Copy out each line containing "forall" from the entries below.

### Stored data ###

lemma touching_ball_inner_nonpos:
  fixes F :: "'a::real_inner \<Rightarrow> real"
  assumes F: "(F has_derivative F') (at p)" "0 \<le> F p"
    and in_D: "\<And>y. y \<in> ball p r \<Longrightarrow> 0 < F y \<Longrightarrow> y \<in> D" and "0 < r"
    and touch: "dist q p = R" "ball q R \<inter> D = {}"
    and v: "0 < F' v"
  shows "(q - p) \<bullet> v \<le> 0"
proof (rule ccontr)
  assume "\<not> (q - p) \<bullet> v \<le> 0"
  then have "\<forall>\<^sub>F h in at_right 0. dist q (p + h *\<^sub>R v) < R"
    using eventually_in_ball_along_direction[OF touch(1)] by simp
  moreover have "\<forall>\<^sub>F h in at_right 0. p + h *\<^sub>R v \<in> ball p r"
  proof -
    have "((\<lambda>h. p + h *\<^sub>R v) \<longlongrightarrow> p) (at_right (0::real))"
      by (intro tendsto_eq_intros) auto
    from topological_tendstoD[OF this open_ball[of p r]] show ?thesis
      using \<open>0 < r\<close> by simp
  qed
  moreover note eventually_pos_along_direction[OF F v]
  ultimately have "\<forall>\<^sub>F h in at_right 0. dist q (p + h *\<^sub>R v) < R \<and> p + h *\<^sub>R v \<in> ball p r \<and> 0 < F (p + h *\<^sub>R v)"
    by (simp add: eventually_conj_iff)
  then obtain h where h: "dist q (p + h *\<^sub>R v) < R" "p + h *\<^sub>R v \<in> ball p r" "0 < F (p + h *\<^sub>R v)"
    using eventually_happens'[OF trivial_limit_at_right_real] by blast
  then have "p + h *\<^sub>R v \<in> D \<inter> ball q R"
    using in_D by simp
  then show False
    using touch(2) by blast
qed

###

■ Output of the task
  then have "\<forall>\<^sub>F h in at_right 0. dist q (p + h *\<^sub>R v) < R"
  moreover have "\<forall>\<^sub>F h in at_right 0. p + h *\<^sub>R v \<in> ball p r"
  ultimately have "\<forall>\<^sub>F h in at_right 0. dist q (p + h *\<^sub>R v) < R \<and> p + h *\<^sub>R v \<in> ball p r \<and> 0 < F (p + h *\<^sub>R v)"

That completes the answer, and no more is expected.